Error: No CSV path provided. Use --csv or set csv_path in evalwire.toml.

Either pass --csv data/testset.csv on the command line or add this to evalwire.toml:

[dataset]
csv_path = "data/testset.csv"

Dataset not found during `evalwire run`¶

SystemExit: 1

evalwire looks up each experiment directory name as a Phoenix dataset. If the dataset does not exist, the run fails. Make sure you have run evalwire upload first and that the directory name matches the dataset tag exactly (case-sensitive).

Run a subset to narrow down which experiment is failing:

evalwire run --name my_experiment

Import errors for optional extras¶

ImportError: langgraph is required

Install the langgraph extra:

pip install 'evalwire[langgraph]'

ImportError: langchain-core is required to use make_llm_judge_evaluator

Install the llm-judge extra:

pip install 'evalwire[llm-judge]'

CSV formatting issues¶

Rows appear in the wrong dataset or not at all.

Check that the tag column name matches tag_column (default: "tags"). Use --tag-column or set it in evalwire.toml.
Check that the delimiter matches delimiter (default: "|"). If your values contain pipes for other reasons, choose a different delimiter and set --delimiter.
Rows with an empty tag cell are skipped silently.

expected_output is not parsed correctly.

The _parse_expected helper uses ast.literal_eval on string values. This means numeric-looking strings like "0" or "1.5" are converted to Python numeric types (0, 1.5), which can cause type mismatches in string-based evaluators. Use distinct string values for expected outputs when possible.

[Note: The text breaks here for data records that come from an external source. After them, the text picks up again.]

theorem proposition1:
  fixes n :: nat and a c \<phi> :: real and \<Theta> :: "real set"
    and M :: "(real \<times> nat) measure" and xs xf :: "real \<times> nat \<Rightarrow> real"
  assumes n: "n \<ge> 2" and a: "a > 0" and c: "c > 0"
    and \<Theta>: "compact \<Theta>" "\<Theta> \<subseteq> {0..}"
    and M: "prob_space M" "sets M = sets (borel \<Otimes>\<^sub>M count_space UNIV)"
    and supp: "measure M (\<Theta> \<times> Dset n) = 1"
    and pos: "measure M {z. fst z > 0} > 0"
    and std: "c > a * EN M (\<lambda>z. real (snd z))"
    and var: "prob_space.variance M (\<lambda>z. real (snd z)) > 0"
    and theta: "EN M fst = EP M fst"
    and soc: "bayes_eq (EU_soc M n a c \<phi>) M \<Theta> n xs"
    and fr: "bayes_eq (EU_friend M n a c \<phi>) M \<Theta> n xf"
  shows "(\<forall>\<theta>i \<in> \<Theta>. \<forall>di \<in> Dset n. xf (\<theta>i, di) > xs (\<theta>i, di))
         \<and> EN M xf > EP M xf \<and> EP M xf > EP M xs"
proof -
  interpret type_degree_distribution M \<Theta> n
    unfolding type_degree_distribution_def type_degree_distribution_axioms_def
    using M \<Theta> supp by blast
  define \<mu> ms mf where "\<mu> = EP M fst" and "ms = EP M xs" and "mf = EN M xf"
  have strats: "strategy M \<Theta> n xs" "strategy M \<Theta> n xf"
    using soc fr by (auto simp: bayes_eq_def)
  have xs_affine: "\<forall>z \<in> \<Theta> \<times> Dset n. xs z = (fst z + a * deg z * ms) / c"
    using EP_strategy_nonneg[OF strats(1)]
    by (intro bayes_eq_affine_best_response[OF soc c _ _ \<Theta>(2), where K = "\<phi> * (real n - 1) * ms"])
      (use a in \<open>simp_all add: EU_soc_def ms_def algebra_simps\<close>)
  have xf_affine: "\<forall>z \<in> \<Theta> \<times> Dset n. xf z = (fst z + a * deg z * mf) / c"
    using EN_strategy_nonneg[OF strats(2)]
    by (intro bayes_eq_affine_best_response[OF fr c _ _ \<Theta>(2), where K = "\<phi> * (real n - 1) * EP M xf"])
      (use a in \<open>simp_all add: EU_friend_def mf_def algebra_simps\<close>)
  have meas: "xs \<in> borel_measurable M" "xf \<in> borel_measurable M"
    using strats by (auto simp: strategy_def)
  have ms_fixed: "ms = (\<mu> + a * EP M deg * ms) / c"
    using EP_affine_strategy[OF meas(1) xs_affine] by (simp only: ms_def[symmetric] \<mu>_def[symmetric])
  have mf_fixed: "mf = (\<mu> + a * EN M deg * mf) / c"
    using EN_affine_strategy[OF meas(2) xf_affine] theta
    by (simp only: mf_def[symmetric] \<mu>_def[symmetric])
  have EP_xf: "EP M xf = (\<mu> + a * EP M deg * mf) / c"
    using EP_affine_strategy[OF meas(2) xf_affine] by (simp only: \<mu>_def[symmetric])
  have paradox: "a * EP M deg < a * EN M deg" using EN_deg_gt_EP_deg[OF var] a by simp
  have mf_gt_ms: "mf > ms"
  proof -
    have "ms = \<mu> / (c - a * EP M deg)"
      using std paradox ms_fixed by (intro fixed_point_aggregate[OF c]) simp_all
    moreover have "mf = \<mu> / (c - a * EN M deg)"
      using std mf_fixed by (intro fixed_point_aggregate[OF c]) simp_all
    ultimately show ?thesis
      using EP_fst_pos[OF pos] std paradox by (simp add: \<mu>_def divide_strict_left_mono)
  qed
  have mf_pos: "mf > 0" using mf_gt_ms EP_strategy_nonneg[OF strats(1)] by (simp add: ms_def)
  have "\<forall>\<theta>i \<in> \<Theta>. \<forall>di \<in> Dset n. xf (\<theta>i, di) > xs (\<theta>i, di)"
  proof (intro ballI)
    fix \<theta>i di assume "\<theta>i \<in> \<Theta>" "di \<in> Dset n"
    then have z: "(\<theta>i, di) \<in> \<Theta> \<times> Dset n" and "real di \<ge> 1" using deg_bounds by auto
    then have "a * real di * ms < a * real di * mf" using a mf_gt_ms by simp
    then show "xf (\<theta>i, di) > xs (\<theta>i, di)"
      using xs_affine xf_affine z c by (simp add: divide_strict_right_mono)
  qed
  moreover have "EN M xf > EP M xf"
  proof -
    have "EP M xf = (\<mu> + a * EP M deg * mf) / c" by (fact EP_xf)
    also have "\<dots> < (\<mu> + a * EN M deg * mf) / c"
      using mult_strict_right_mono[OF paradox mf_pos] c by (simp add: divide_strict_right_mono)
    also have "\<dots> = EN M xf" using mf_fixed by (simp add: mf_def)
    finally show ?thesis .
  qed
  moreover have "EP M xf > EP M xs"
  proof -
    have "a * EP M deg * ms < a * EP M deg * mf" using a EP_deg_ge_1 mf_gt_ms by simp
    then have "(\<mu> + a * EP M deg * ms) / c < (\<mu> + a * EP M deg * mf) / c"
      using c by (simp add: divide_strict_right_mono)
    then show ?thesis using ms_fixed EP_xf by (simp add: ms_def)
  qed
  ultimately show ?thesis by blast
qed

end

"At least one evaluator is required"¶

Phoenix raises this when run_experiment is called with an empty evaluator list. Make sure each experiment directory contains at least one .py file (other than task.py) that defines a callable matching the filename.

Experiment name conflicts¶

Phoenix experiment names include a timestamp, so duplicate names are unlikely. If you need to re-run the same experiment, the old results are preserved and the new run appears alongside it in the UI.